Interview Talking Points
- Root cause framing: "The core insight is that failed retrievals — where the right chunk exists but isn't found — are more damaging than generation errors, and they stem from chunks losing context when separated from their source document."
- The enrichment step: "Each chunk is sent to an LLM alongside the full document, and the LLM generates a concise context snippet that is prepended to the chunk before embedding. This is a one-time ingestion cost, not a query-time cost."
- Hybrid search rationale: "Embeddings handle semantic similarity well but miss exact keyword matches. BM25 catches those. Combining them reduced failed retrievals by 49%, compared to 35% with embeddings alone — meaning roughly a third of the remaining failures were keyword-match problems."

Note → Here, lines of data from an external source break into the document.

lemma gauss_int_div_mod:
  assumes "gauss_int a" "gauss_int b" "b \<noteq> 0"
  obtains q where "gauss_int q" "gnorm (a - q * b) < gnorm b"
proof -
  define c where "c = a / b"
  define q where "q = Complex (of_int (round (Re c))) (of_int (round (Im c)))"
  have "\<bar>Re (c - q)\<bar> \<le> 1/2" "\<bar>Im (c - q)\<bar> \<le> 1/2"
    using of_int_round_abs_le[of "Re c"] of_int_round_abs_le[of "Im c"]
    by (simp_all add: q_def abs_minus_commute)
  then have "(Re (c - q))\<^sup>2 \<le> (1/2)\<^sup>2" "(Im (c - q))\<^sup>2 \<le> (1/2)\<^sup>2"
    by (simp_all add: abs_le_square_iff [symmetric])
  then have "(cmod (c - q))\<^sup>2 < 1\<^sup>2"
    unfolding cmod_power2 by (simp add: power_divide)
  then have "cmod (c - q) < 1"
    by (rule power2_less_imp_less) simp
  moreover have "a - q * b = (c - q) * b"
    using assms(3) by (simp add: c_def algebra_simps)
  ultimately have "(cmod (a - q * b))\<^sup>2 < (cmod b)\<^sup>2"
    using assms(3) by (simp add: norm_mult power_strict_mono)
  moreover have "gauss_int q" by (simp add: q_def)
  ultimately show ?thesis
    using that assms by (simp add: gauss_int_diff gauss_int_mult flip: of_nat_gnorm)
qed

text \<open>An element of minimal norm among the nonzero combinations \<open>x * p + y * a\<close> divides both
  \<open>p\<close> and \<open>a\<close>, by division with remainder.\<close>

lemma gprime_bezout:
  assumes p: "gprime p" and a: "gauss_int a" "\<not> gdvd p a"
  obtains x y where "gauss_int x" "gauss_int y" "x * p + y * a = 1"
proof -
  have gp: "gauss_int p" using p by (rule gprime_gauss_int)
  define comb where "comb g \<longleftrightarrow> g \<noteq> 0 \<and> (\<exists>x y. gauss_int x \<and> gauss_int y \<and> g = x * p + y * a)"
    for g
  have "comb p"
    unfolding comb_def using gprime_nonzero[OF p] by (intro conjI exI[of _ 1] exI[of _ 0]) simp_all
  then obtain g where g: "comb g" and g_min: "\<And>h. comb h \<Longrightarrow> gnorm g \<le> gnorm h"
    using ex_has_least_nat[of comb p gnorm] by blast
  then obtain x y where xy: "gauss_int x" "gauss_int y" "g = x * p + y * a" and "g \<noteq> 0"
    unfolding comb_def by blast
  have gg: "gauss_int g" using xy gp a by auto
  have g_dvd: "gdvd g (x' * p + y' * a)" if "gauss_int x'" "gauss_int y'" for x' y'
  proof -
    have "gauss_int (x' * p + y' * a)" using that gp a by auto
    then obtain q where q: "gauss_int q" "gnorm (x' * p + y' * a - q * g) < gnorm g"
      by (rule gauss_int_div_mod[OF _ gg \<open>g \<noteq> 0\<close>])
    have "\<not> comb (x' * p + y' * a - q * g)"
      using g_min q(2) by (metis not_le)
    moreover have "x' * p + y' * a - q * g = (x' - q * x) * p + (y' - q * y) * a"
      using xy by (simp add: algebra_simps)
    moreover have "gauss_int (x' - q * x)" "gauss_int (y' - q * y)"
      using q xy that by auto
    ultimately have "x' * p + y' * a - q * g = 0"
      unfolding comb_def by blast
    then show ?thesis using q(1) by (intro gdvdI[of q]) (simp_all add: algebra_simps)
  qed
  obtain c where c: "gauss_int c" "p = g * c"
    using g_dvd[of 1 0] unfolding gdvd_def by auto
  obtain d where d: "gauss_int d" "a = g * d"
    using g_dvd[of 0 1] unfolding gdvd_def by auto
  have "\<not> gunit c"
  proof
    assume "gunit c"
    then have "a = p * (inverse c * d)"
      using c(2) d(2) gunit_nonzero by (simp add: field_simps)
    then show False
      using a(2) \<open>gunit c\<close> d(1) by (metis gdvdI gauss_int_mult gunit_gauss_int gunit_inverse)
  qed
  then have "gunit g"
    using p c gg unfolding gprime_def by blast
  have "inverse g * x * p + inverse g * y * a = inverse g * (x * p + y * a)"
    by (simp add: algebra_simps)
  also have "\<dots> = 1"
    using xy(3) \<open>g \<noteq> 0\<close> by simp
  finally have "inverse g * x * p + inverse g * y * a = 1" .
  moreover have "gauss_int (inverse g * x)" "gauss_int (inverse g * y)"
    using \<open>gunit g\<close> xy by (simp_all add: gauss_int_mult gunit_gauss_int gunit_inverse)
  ultimately show ?thesis using that by blast
qed
lemma D_eq_Z:
  assumes "z \<in> ball 0 R1" and "z \<noteq> of_real (1 / q)"
  shows "D z = (1 - of_real q * z) * Z z"
proof -
  have nz: "1 - of_real q * u \<noteq> 0" if "u \<noteq> of_real (1 / q)" for u :: complex
    using that q_gt_1 by (auto simp: field_simps)
  have "Z z = D z / (1 - of_real q * z)"
  proof (rule analytic_continuation_open[where s = "ball 0 (1 / q)" and s' = "ball 0 R1 - {of_real (1 / q)}"
      and f = Z and g = "\<lambda>z. D z / (1 - of_real q * z)"])
    show "connected (ball (0::complex) R1 - {of_real (1 / q)})"
      by (rule connected_punctured_convex) (use inverse_q_less_R1 q_gt_1 in \<open>auto simp: aff_dim_open\<close>)
    show "ball (0::complex) (1 / q) \<subseteq> ball 0 R1 - {of_real (1 / q)}"
      using inverse_q_less_R1 q_gt_1 by (auto simp: norm_divide)
    show "(\<lambda>z. D z / (1 - of_real q * z)) holomorphic_on ball 0 R1 - {of_real (1 / q)}"
      using nz by (intro holomorphic_intros holomorphic_on_subset[OF D_holomorphic]) auto
    show "Z u = D u / (1 - of_real q * u)" if "u \<in> ball 0 (1 / q)" for u
    proof -
      have u: "norm u < 1 / q"
        using that by simp
      then have "1 - of_real q * u \<noteq> 0"
        using q_gt_1 by (intro nz) (auto simp: norm_divide)
      then show ?thesis
        using Z_eq_series u D_eq_eval_Z_fps[OF u] by (simp add: eval_fps_def Z_fps_def)
    qed
  qed (use Z_holomorphic assms q_gt_1 in auto)
  then show ?thesis
    using nz[OF assms(2)] by simp
qed

lemma norm_D_eq_exp:
  "norm z < 1 / q \<Longrightarrow> norm (D z) = norm (1 - of_real q * z) * exp (Re (eval_fps L_fps z))"
  by (simp add: D_eq_exp norm_mult)

lemma D_three_four_one:
  assumes t: "0 < t" "t < 1" and w: "norm w = 1"
  shows "(1 - t) ^ 3 * norm (1 - of_real t * w) ^ 4 * norm (1 - of_real t * w ^ 2)
         \<le> norm (D (of_real (t * (1 / q)))) ^ 3 * norm (D (of_real (t * (1 / q)) * w)) ^ 4
            * norm (D (of_real (t * (1 / q)) * w ^ 2))"
proof -
  define r where "r = t * (1 / q)"
  have r: "0 \<le> r" "r < 1 / q"
    using t q_gt_1 by (auto simp: r_def divide_strict_right_mono)
  define E where "E u = exp (Re (eval_fps L_fps (of_real r * u)))" for u
  have norm_D: "norm (D (of_real r * u)) = norm (1 - of_real t * u) * E u" if "norm u = 1" for u
  proof -
    have "of_real q * (of_real r * u) = of_real t * u"
      using q_gt_1 by (simp add: r_def)
    moreover have "norm (of_real r * u) < 1 / q"
      using r that by (simp add: norm_mult)
    ultimately show ?thesis
      unfolding E_def by (metis norm_D_eq_exp)
  qed
  have "ereal r < fps_conv_radius L_fps"
    using r by (intro less_le_trans[OF _ conv_radius_L_fps]) simp
  then have "0 \<le> 3 * Re (eval_fps L_fps (of_real r)) + 4 * Re (eval_fps L_fps (of_real r * w))
                + Re (eval_fps L_fps (of_real r * w ^ 2))"
    using r w by (intro Re_eval_fps_three_four_one) (auto simp: L_fps_def)
  then have "1 \<le> exp (3 * Re (eval_fps L_fps (of_real r)) + 4 * Re (eval_fps L_fps (of_real r * w))
                + Re (eval_fps L_fps (of_real r * w ^ 2)))"
    by simp
  also have "\<dots> = E 1 ^ 3 * E w ^ 4 * E (w ^ 2)"
    by (simp add: E_def exp_add exp_of_nat_mult[symmetric])
  finally have "1 \<le> E 1 ^ 3 * E w ^ 4 * E (w ^ 2)" .
  then have "(1 - t) ^ 3 * norm (1 - of_real t * w) ^ 4 * norm (1 - of_real t * w ^ 2) * 1
      \<le> (1 - t) ^ 3 * norm (1 - of_real t * w) ^ 4 * norm (1 - of_real t * w ^ 2)
         * (E 1 ^ 3 * E w ^ 4 * E (w ^ 2))"
    using t by (intro mult_left_mono) auto
  also have "\<dots> = norm (D (of_real r * 1)) ^ 3 * norm (D (of_real r * w)) ^ 4 * norm (D (of_real r * w ^ 2))"
  proof -
    have "norm (1 - of_real t * 1 :: complex) = 1 - t"
      using t by (metis abs_of_pos diff_gt_0_iff_gt mult.right_neutral norm_of_real of_real_1 of_real_diff)
    moreover have "norm (w ^ 2) = 1"
      using w by (simp add: norm_power)
    ultimately show ?thesis
      unfolding norm_D[OF norm_one] norm_D[OF w] norm_D[OF \<open>norm (w ^ 2) = 1\<close>]
      by (simp add: power_mult_distrib mult_ac)
  qed
  finally show ?thesis
    by (simp add: r_def)
qed
lemma metric_regular_pE:
  assumes "metric_regular_p F xb pb yb r"
  obtains \<epsilon> where "0 < \<epsilon>" and "0 < r"
    and "\<And>x p y. x \<in> ball xb \<epsilon> \<Longrightarrow> p \<in> ball pb \<epsilon> \<Longrightarrow> y \<in> ball yb \<epsilon> \<Longrightarrow>
           setdist_e p {q. y \<in> F x q} \<le> ereal r * setdist_e y (F x p)"
proof -
  obtain U V W where "0 < r" "open U" "xb \<in> U" "open V" "pb \<in> V" "open W" "yb \<in> W"
    and reg: "\<forall>x\<in>U. \<forall>p\<in>V. \<forall>y\<in>W. setdist_e p {q. y \<in> F x q} \<le> ereal r * setdist_e y (F x p)"
    using assms unfolding metric_regular_p_def by blast
  moreover obtain \<epsilon> where "0 < \<epsilon>" "ball xb \<epsilon> \<subseteq> U" "ball pb \<epsilon> \<subseteq> V" "ball yb \<epsilon> \<subseteq> W"
    using open_balls_common_radius calculation by metis
  ultimately show ?thesis
    by (intro that[of \<epsilon>]) blast+
qed

lemma lipschitz_like_xE:
  assumes "lipschitz_like_x F xb pb yb l"
  obtains \<epsilon> where "0 < \<epsilon>" and "0 \<le> l"
    and "\<And>x u p y. x \<in> ball xb \<epsilon> \<Longrightarrow> u \<in> ball xb \<epsilon> \<Longrightarrow> p \<in> ball pb \<epsilon> \<Longrightarrow> y \<in> F x p \<Longrightarrow>
           y \<in> ball yb \<epsilon> \<Longrightarrow> \<exists>v \<in> F u p. norm (y - v) \<le> l * norm (x - u)"
proof -
  obtain U V W where "0 \<le> l" "open U" "xb \<in> U" "open V" "pb \<in> V" "open W" "yb \<in> W"
    and lip: "\<forall>x\<in>U. \<forall>u\<in>U. \<forall>p\<in>V. \<forall>y \<in> F x p \<inter> W. \<exists>v \<in> F u p. norm (y - v) \<le> l * norm (x - u)"
    using assms unfolding lipschitz_like_x_def by blast
  moreover obtain \<epsilon> where "0 < \<epsilon>" "ball xb \<epsilon> \<subseteq> U" "ball pb \<epsilon> \<subseteq> V" "ball yb \<epsilon> \<subseteq> W"
    using open_balls_common_radius calculation by metis
  ultimately show ?thesis
    by (intro that[of \<epsilon>]) blast+
qed

lemma lipschitz_likeE:
  assumes "lipschitz_like T ab bb l"
  obtains \<epsilon> where "0 < \<epsilon>" and "0 \<le> l"
    and "\<And>a u b. a \<in> ball ab \<epsilon> \<Longrightarrow> u \<in> ball ab \<epsilon> \<Longrightarrow> b \<in> T a \<Longrightarrow> b \<in> ball bb \<epsilon> \<Longrightarrow>
           \<exists>v \<in> T u. norm (b - v) \<le> l * norm (a - u)"
proof -
  obtain U V where "0 \<le> l" "open U" "ab \<in> U" "open V" "bb \<in> V"
    and lip: "\<forall>a\<in>U. \<forall>u\<in>U. \<forall>b \<in> T a \<inter> V. \<exists>v \<in> T u. norm (b - v) \<le> l * norm (a - u)"
    using assms unfolding lipschitz_like_def by blast
  moreover obtain \<epsilon> where "0 < \<epsilon>" "ball ab \<epsilon> \<subseteq> U" "ball bb \<epsilon> \<subseteq> V"
    using open_balls_common_radius[OF _ _ _ _ open_UNIV UNIV_I] calculation by metis
  ultimately show ?thesis
    by (intro that[of \<epsilon>]) blast+
qed

lemma metric_regular_p_mono:
  "metric_regular_p F xb pb yb r \<Longrightarrow> r \<le> r' \<Longrightarrow> metric_regular_p F xb pb yb r'"
  unfolding metric_regular_p_def
  by (smt (verit) ereal_less_eq(3) ereal_mult_right_mono order_trans setdist_e_nonneg)

lemma lipschitz_like_x_mono:
  "lipschitz_like_x F xb pb yb l \<Longrightarrow> l \<le> l' \<Longrightarrow> lipschitz_like_x F xb pb yb l'"
  unfolding lipschitz_like_x_def
  by (smt (verit, best) mult_right_mono norm_ge_zero)

lemma lipschitz_like_mono:
  "lipschitz_like T ab bb l \<Longrightarrow> l \<le> l' \<Longrightarrow> lipschitz_like T ab bb l'"
  unfolding lipschitz_like_def
  by (smt (verit, best) mult_right_mono norm_ge_zero)

lemma mem_upward_closed_if_Inf_less:
  fixes P :: "real \<Rightarrow> bool"
  assumes "\<exists>a. P a" and up: "\<And>a b. P a \<Longrightarrow> a \<le> b \<Longrightarrow> P b" and "Inf (Collect P) < t"
  shows "P t"
proof -
  obtain a where "P a" and "a < t"
    using cInf_lessD[of "Collect P" t] assms(1,3) by auto
  then show ?thesis using up[of a t] by simp
qed

lemma Inf_le_if_all_greater:
  fixes P :: "real \<Rightarrow> bool"
  assumes greater: "\<And>L. K < L \<Longrightarrow> P L" and nonneg: "\<And>L. P L \<Longrightarrow> 0 \<le> L"
  shows "Inf (Collect P) \<le> K"
proof (rule field_le_epsilon)
  fix e :: real assume "0 < e"
  have "bdd_below (Collect P)" using nonneg by (intro bdd_belowI[of _ 0]) auto
  then show "Inf (Collect P) \<le> K + e"
    using greater \<open>0 < e\<close> by (intro cInf_lower) auto
qed

lemma perturbed_product_less:
  fixes r a b L :: real
  assumes "r * (a + b) < L"
  obtains \<eta> where "0 < \<eta>" and "(r + \<eta>) * ((a + \<eta>) + (b + \<eta>)) < L"
proof -
  have "((\<lambda>\<eta>. (r + \<eta>) * ((a + \<eta>) + (b + \<eta>))) \<longlongrightarrow> r * (a + b)) (at_right 0)"
    by (auto intro!: tendsto_eq_intros)
  then have "\<forall>\<^sub>F \<eta> in at_right 0. (r + \<eta>) * ((a + \<eta>) + (b + \<eta>)) < L"
    using assms by (rule order_tendstoD(2))
  with eventually_at_right_less
  have "\<forall>\<^sub>F \<eta> in at_right 0. 0 < \<eta> \<and> (r + \<eta>) * ((a + \<eta>) + (b + \<eta>)) < L"
    by (rule eventually_conj)
  then have "\<exists>\<eta>. 0 < \<eta> \<and> (r + \<eta>) * ((a + \<eta>) + (b + \<eta>)) < L"
    by (rule eventually_happens'[rotated]) simp
  with that show ?thesis by blast
qed

definition solution_map :: "('x \<Rightarrow> 'p \<Rightarrow> 'y::ab_group_add set) \<Rightarrow> ('x \<Rightarrow> 'y set) \<Rightarrow> 'p \<Rightarrow> 'x set" where
  "solution_map F G p = {x. 0 \<in> {y + z | y z. y \<in> F x p \<and> z \<in> G x}}"

lemma mem_solution_map_iff: "x \<in> solution_map F G p \<longleftrightarrow> (\<exists>y \<in> F x p. - y \<in> G x)"
  by (auto simp: solution_map_def add_eq_0_iff)

lemma solution_map_near_summand:
  assumes "locally_sum_stable F G xb pb yb (- yb)" and "0 < \<epsilon>"
  obtains \<delta> where "0 < \<delta>"
    and "\<And>x p. x \<in> ball xb \<delta> \<Longrightarrow> p \<in> ball pb \<delta> \<Longrightarrow> x \<in> solution_map F G p \<Longrightarrow>
           \<exists>y \<in> F x p \<inter> ball yb \<epsilon>. - y \<in> G x"
proof -
  obtain \<delta> where "0 < \<delta>" and split:
    "\<forall>x\<in>ball xb \<delta>. \<forall>p\<in>ball pb \<delta>. \<forall>w \<in> {y + z | y z. y \<in> F x p \<and> z \<in> G x} \<inter> ball (yb + - yb) \<delta>.
       \<exists>y\<in>F x p \<inter> ball yb \<epsilon>. \<exists>z\<in>G x \<inter> ball (- yb) \<epsilon>. w = y + z"
    using assms(1)[unfolded locally_sum_stable_def, rule_format, OF \<open>0 < \<epsilon>\<close>] by auto
  show ?thesis
  proof (rule that[OF \<open>0 < \<delta>\<close>])
    fix x p assume x: "x \<in> ball xb \<delta>" and p: "p \<in> ball pb \<delta>" and "x \<in> solution_map F G p"
    then obtain y0 where "y0 \<in> F x p" "- y0 \<in> G x" by (auto simp: mem_solution_map_iff)
    then have "0 \<in> {y + z | y z. y \<in> F x p \<and> z \<in> G x} \<inter> ball (yb + - yb) \<delta>"
      using \<open>0 < \<delta>\<close> by force
    then obtain y z where "y \<in> F x p \<inter> ball yb \<epsilon>" "z \<in> G x" "0 = y + z"
      using split x p by (fastforce dest!: bspec)
    then show "\<exists>y \<in> F x p \<inter> ball yb \<epsilon>. - y \<in> G x"
      by (metis neg_eq_iff_add_eq_0)
  qed
qed
definition proj_const_ops :: "'a set \<Rightarrow> 'a set \<Rightarrow> 'a op set" where
  "proj_const_ops A V =
     {proj A n i | n i. 1 \<le> n \<and> i < n} \<union> {mk_op A n (\<lambda>_. c) | n c. 1 \<le> n \<and> c \<in> V}"

lemma proj_const_opsE:
  assumes "f \<in> proj_const_ops A V"
  obtains n i where "f = proj A n i" "1 \<le> n" "i < n"
    | n c where "f = mk_op A n (\<lambda>_. c)" "1 \<le> n" "c \<in> V"
  using assms unfolding proj_const_ops_def by blast

lemma proj_const_ops_subset_ops: "V \<subseteq> A \<Longrightarrow> proj_const_ops A V \<subseteq> ops A"
  by (auto simp: proj_const_ops_def intro!: proj_in_ops mk_op_in_ops)

lemma is_clone_proj_const_ops:
  assumes V: "V \<subseteq> A"
  shows "is_clone A (proj_const_ops A V)"
  unfolding is_clone_def
proof (intro conjI allI impI)
  show "proj_const_ops A V \<subseteq> ops A"
    using V by (rule proj_const_ops_subset_ops)
  show "proj A n i \<in> proj_const_ops A V" if "1 \<le> n \<and> i < n" for n i
    using that unfolding proj_const_ops_def by blast
next
  fix F G m
  assume h: "F \<in> proj_const_ops A V \<and> 1 \<le> m \<and> (\<forall>i<fst F. G i \<in> proj_const_ops A V \<and> fst (G i) = m)"
  then have G: "\<forall>i<fst F. G i \<in> ops A \<and> fst (G i) = m"
    using proj_const_ops_subset_ops[OF V] by blast
  from h have "F \<in> proj_const_ops A V" by blast
  then show "comp_op A m F G \<in> proj_const_ops A V"
  proof (cases rule: proj_const_opsE)
    case (1 n i)
    then show ?thesis using h G comp_op_proj[of i n G A m] by (simp add: proj_def)
  next
    case (2 n c)
    then show ?thesis using h G comp_op_const[of n G A m c] unfolding proj_const_ops_def by auto
  qed
qed

text \<open>The second element \<open>b\<close> prevents the constant from coinciding with the unary projection.\<close>

lemma const_op_in_proj_const_opsD:
  assumes "b \<in> A" "b \<noteq> c" and "const_op A c \<in> proj_const_ops A V"
  shows "c \<in> V"
proof -
  define t where "t = restrict (\<lambda>_. b) {..<1::nat}"
  have t: "t \<in> tuples A 1"
    unfolding t_def using \<open>b \<in> A\<close> by (rule const_tuple_in_tuples)
  from assms(3) show ?thesis
    unfolding const_op_def
  proof (cases rule: proj_const_opsE)
    case (1 n i)
    have "n = 1"
      using arg_cong[where f = fst, OF 1(1)] by (simp add: proj_def)
    with 1 have "i = 0"
      by simp
    have "c = b"
      using arg_cong[where f = "\<lambda>f. snd f t", OF 1(1)] t \<open>n = 1\<close> \<open>i = 0\<close>
      by (simp add: snd_mk_op proj_def t_def)
    then show ?thesis
      using \<open>b \<noteq> c\<close> by simp
  next
    case (2 n c')
    have "n = 1"
      using arg_cong[where f = fst, OF 2(1)] by simp
    then have "c = c'"
      using arg_cong[where f = "\<lambda>f. snd f t", OF 2(1)] t by (simp add: snd_mk_op)
    then show ?thesis
      using 2 by simp
  qed
qed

- Reranking as a precision layer: "A cross-encoder reranker jointly attends to query-chunk pairs, producing much more accurate relevance scores than bi-encoder retrieval. It's too expensive for the full corpus but highly effective on the top candidates from first-stage retrieval."
- Cost engineering: "Prompt caching keeps the document in the LLM's KV cache while varying only the chunk text per call, cutting enrichment cost by ~90%. This makes the approach practical at scale — you batch chunks from the same document sequentially to maximize cache hits."
- Layered improvement story: "Each technique compounds: contextual embeddings (35%), plus BM25 (49%), plus reranking (67%). In an interview, I'd frame this as a lesson in systematic ablation — each layer addresses a distinct failure mode."
- Model-agnostic design: "Prepending context works with any embedding model and any BM25 implementation. There's no fine-tuning required, which makes it easy to swap in better models later without re-engineering the pipeline."
- Tradeoff awareness: "The main tradeoff is ingestion latency and cost vs. retrieval quality. The context generation step adds an LLM call per chunk during ingestion, but prompt caching and batching mitigate this. Query-time latency is only marginally affected since the reranker runs on a small candidate set."